[[ Data open ]]
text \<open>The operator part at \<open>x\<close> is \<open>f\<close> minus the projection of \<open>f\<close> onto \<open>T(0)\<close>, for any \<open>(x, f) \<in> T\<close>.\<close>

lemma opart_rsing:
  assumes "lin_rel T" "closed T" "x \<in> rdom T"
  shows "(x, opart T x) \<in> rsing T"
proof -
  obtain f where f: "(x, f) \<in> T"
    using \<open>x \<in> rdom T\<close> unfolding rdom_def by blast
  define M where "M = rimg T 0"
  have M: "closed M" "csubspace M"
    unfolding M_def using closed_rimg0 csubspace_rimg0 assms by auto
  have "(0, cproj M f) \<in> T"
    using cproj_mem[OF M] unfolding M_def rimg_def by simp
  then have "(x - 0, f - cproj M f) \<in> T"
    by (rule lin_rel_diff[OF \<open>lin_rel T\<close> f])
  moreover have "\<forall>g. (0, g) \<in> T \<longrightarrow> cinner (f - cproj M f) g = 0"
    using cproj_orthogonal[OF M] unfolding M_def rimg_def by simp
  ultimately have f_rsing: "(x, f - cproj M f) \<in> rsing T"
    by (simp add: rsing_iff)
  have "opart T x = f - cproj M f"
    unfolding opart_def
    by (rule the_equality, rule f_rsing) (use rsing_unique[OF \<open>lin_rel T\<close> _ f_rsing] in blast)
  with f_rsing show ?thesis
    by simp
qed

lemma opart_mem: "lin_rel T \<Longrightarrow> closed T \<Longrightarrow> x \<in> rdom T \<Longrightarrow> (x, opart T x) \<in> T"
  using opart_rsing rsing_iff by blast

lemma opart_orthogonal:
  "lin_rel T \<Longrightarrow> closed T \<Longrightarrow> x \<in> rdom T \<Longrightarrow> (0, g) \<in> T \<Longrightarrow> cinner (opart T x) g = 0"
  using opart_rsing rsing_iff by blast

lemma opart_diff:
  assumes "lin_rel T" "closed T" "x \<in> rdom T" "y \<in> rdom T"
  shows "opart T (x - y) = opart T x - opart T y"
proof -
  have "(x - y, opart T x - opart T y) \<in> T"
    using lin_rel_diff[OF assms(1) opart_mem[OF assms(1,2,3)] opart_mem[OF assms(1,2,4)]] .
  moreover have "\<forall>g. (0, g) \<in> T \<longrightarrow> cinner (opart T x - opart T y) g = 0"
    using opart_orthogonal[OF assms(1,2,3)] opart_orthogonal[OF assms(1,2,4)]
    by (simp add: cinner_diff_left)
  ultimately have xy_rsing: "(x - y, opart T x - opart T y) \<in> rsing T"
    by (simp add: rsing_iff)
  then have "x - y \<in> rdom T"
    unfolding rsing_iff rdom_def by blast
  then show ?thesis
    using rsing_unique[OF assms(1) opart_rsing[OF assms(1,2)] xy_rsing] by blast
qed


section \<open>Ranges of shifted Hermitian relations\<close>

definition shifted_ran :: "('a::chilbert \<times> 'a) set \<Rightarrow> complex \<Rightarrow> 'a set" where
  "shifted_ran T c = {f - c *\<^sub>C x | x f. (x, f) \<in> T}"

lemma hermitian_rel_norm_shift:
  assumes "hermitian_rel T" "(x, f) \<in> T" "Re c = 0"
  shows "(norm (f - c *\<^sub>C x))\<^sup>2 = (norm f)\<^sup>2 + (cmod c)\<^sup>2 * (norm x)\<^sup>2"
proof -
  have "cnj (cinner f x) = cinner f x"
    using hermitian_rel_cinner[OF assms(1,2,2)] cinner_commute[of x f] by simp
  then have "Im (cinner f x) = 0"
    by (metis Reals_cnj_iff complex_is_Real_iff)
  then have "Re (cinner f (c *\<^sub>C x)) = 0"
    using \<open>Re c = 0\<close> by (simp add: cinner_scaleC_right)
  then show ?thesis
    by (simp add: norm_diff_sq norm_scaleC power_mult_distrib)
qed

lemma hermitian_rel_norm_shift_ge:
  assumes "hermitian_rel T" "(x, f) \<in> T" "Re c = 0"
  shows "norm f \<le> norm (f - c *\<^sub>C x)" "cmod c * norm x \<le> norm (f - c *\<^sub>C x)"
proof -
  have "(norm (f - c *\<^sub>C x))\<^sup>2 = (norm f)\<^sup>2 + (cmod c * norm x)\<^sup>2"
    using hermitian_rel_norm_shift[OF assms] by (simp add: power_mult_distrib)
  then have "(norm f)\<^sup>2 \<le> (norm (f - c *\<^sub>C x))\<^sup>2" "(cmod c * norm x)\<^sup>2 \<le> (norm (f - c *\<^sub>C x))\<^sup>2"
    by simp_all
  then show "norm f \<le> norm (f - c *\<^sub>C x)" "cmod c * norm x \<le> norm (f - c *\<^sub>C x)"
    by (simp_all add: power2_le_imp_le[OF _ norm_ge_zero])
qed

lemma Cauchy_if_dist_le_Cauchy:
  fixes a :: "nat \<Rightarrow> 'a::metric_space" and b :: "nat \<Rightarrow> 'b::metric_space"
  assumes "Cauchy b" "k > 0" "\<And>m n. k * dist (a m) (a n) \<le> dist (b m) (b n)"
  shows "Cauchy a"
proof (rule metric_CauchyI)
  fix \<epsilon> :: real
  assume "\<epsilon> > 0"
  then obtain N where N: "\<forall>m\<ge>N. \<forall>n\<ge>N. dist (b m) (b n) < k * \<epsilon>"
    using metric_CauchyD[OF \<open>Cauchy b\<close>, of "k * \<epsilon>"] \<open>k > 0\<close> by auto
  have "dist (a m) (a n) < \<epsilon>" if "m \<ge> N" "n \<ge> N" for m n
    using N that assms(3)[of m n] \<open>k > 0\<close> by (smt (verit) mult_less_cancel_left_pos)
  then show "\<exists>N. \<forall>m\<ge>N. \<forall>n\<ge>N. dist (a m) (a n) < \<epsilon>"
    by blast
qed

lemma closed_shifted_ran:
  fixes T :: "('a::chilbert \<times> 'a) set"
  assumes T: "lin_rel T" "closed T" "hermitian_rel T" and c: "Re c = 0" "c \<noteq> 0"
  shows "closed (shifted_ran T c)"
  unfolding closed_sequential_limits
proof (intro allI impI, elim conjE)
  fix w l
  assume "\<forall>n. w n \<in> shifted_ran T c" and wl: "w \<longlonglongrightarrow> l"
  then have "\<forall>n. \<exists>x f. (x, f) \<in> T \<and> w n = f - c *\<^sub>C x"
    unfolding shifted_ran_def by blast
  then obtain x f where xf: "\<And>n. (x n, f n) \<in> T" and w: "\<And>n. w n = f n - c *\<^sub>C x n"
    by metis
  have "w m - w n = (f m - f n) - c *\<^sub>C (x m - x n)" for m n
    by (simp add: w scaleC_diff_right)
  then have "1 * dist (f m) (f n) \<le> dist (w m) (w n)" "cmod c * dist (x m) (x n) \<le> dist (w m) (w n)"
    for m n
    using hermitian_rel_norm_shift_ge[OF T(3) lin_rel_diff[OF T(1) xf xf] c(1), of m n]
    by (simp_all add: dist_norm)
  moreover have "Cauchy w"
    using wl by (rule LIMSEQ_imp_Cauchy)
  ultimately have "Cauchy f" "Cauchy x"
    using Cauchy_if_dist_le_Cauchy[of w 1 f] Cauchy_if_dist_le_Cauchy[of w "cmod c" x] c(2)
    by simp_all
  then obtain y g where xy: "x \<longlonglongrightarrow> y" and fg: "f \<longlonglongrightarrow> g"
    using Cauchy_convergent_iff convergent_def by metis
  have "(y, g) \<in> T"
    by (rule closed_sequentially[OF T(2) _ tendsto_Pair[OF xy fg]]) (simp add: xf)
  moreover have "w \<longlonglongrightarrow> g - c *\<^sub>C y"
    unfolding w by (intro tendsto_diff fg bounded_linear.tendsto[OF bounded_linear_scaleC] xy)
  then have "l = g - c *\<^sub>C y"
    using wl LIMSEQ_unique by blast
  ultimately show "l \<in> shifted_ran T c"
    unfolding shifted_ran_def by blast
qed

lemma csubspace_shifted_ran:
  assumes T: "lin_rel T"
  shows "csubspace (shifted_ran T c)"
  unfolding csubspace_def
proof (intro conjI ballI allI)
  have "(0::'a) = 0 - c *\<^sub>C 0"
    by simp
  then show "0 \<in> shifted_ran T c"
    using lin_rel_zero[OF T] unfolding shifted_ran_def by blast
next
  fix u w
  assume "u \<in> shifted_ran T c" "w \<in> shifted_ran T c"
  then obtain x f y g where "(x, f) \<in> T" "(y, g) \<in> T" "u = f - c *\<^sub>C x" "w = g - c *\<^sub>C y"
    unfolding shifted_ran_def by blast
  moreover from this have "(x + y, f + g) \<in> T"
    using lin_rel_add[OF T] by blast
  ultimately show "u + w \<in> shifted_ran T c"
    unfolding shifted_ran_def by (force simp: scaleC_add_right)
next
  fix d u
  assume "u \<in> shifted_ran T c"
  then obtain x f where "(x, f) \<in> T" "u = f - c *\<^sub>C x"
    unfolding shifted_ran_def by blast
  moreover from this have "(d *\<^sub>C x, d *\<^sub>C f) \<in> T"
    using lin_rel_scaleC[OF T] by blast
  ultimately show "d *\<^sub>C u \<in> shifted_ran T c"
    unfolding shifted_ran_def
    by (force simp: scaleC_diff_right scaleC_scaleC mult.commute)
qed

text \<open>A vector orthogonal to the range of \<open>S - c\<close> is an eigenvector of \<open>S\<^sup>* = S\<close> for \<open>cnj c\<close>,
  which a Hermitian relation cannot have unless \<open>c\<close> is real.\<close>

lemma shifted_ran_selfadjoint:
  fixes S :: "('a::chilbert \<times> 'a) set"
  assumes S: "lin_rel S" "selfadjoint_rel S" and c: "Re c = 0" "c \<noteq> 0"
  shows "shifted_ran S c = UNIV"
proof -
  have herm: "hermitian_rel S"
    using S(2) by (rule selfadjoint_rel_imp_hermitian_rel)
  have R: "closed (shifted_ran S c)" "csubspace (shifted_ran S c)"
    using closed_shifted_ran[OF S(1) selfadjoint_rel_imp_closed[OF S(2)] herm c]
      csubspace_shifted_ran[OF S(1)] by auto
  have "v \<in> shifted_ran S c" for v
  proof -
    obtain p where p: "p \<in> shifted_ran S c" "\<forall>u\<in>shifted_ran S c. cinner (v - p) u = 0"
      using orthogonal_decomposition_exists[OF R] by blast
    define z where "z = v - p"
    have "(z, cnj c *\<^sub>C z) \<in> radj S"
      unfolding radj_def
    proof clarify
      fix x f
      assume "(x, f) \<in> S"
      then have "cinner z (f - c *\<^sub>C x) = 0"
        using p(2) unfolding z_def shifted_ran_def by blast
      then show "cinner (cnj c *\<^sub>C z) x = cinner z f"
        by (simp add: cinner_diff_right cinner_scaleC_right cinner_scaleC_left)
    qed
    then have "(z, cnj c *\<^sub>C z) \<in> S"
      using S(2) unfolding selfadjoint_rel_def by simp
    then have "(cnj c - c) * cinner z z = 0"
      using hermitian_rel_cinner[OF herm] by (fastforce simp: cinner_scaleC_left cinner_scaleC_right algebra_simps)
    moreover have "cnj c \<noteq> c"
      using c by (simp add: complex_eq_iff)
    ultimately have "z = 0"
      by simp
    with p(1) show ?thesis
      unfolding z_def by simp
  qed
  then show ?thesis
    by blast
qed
[[ Data closed ]]
Write out exactly the lines that fall from the line with "by (simp add: cinner_diff_right" to the line with "c) * cinner" in the records above, keeping both ends.

        by (simp add: cinner_diff_right cinner_scaleC_right cinner_scaleC_left)
    qed
    then have "(z, cnj c *\<^sub>C z) \<in> S"
      using S(2) unfolding selfadjoint_rel_def by simp
    then have "(cnj c - c) * cinner z z = 0"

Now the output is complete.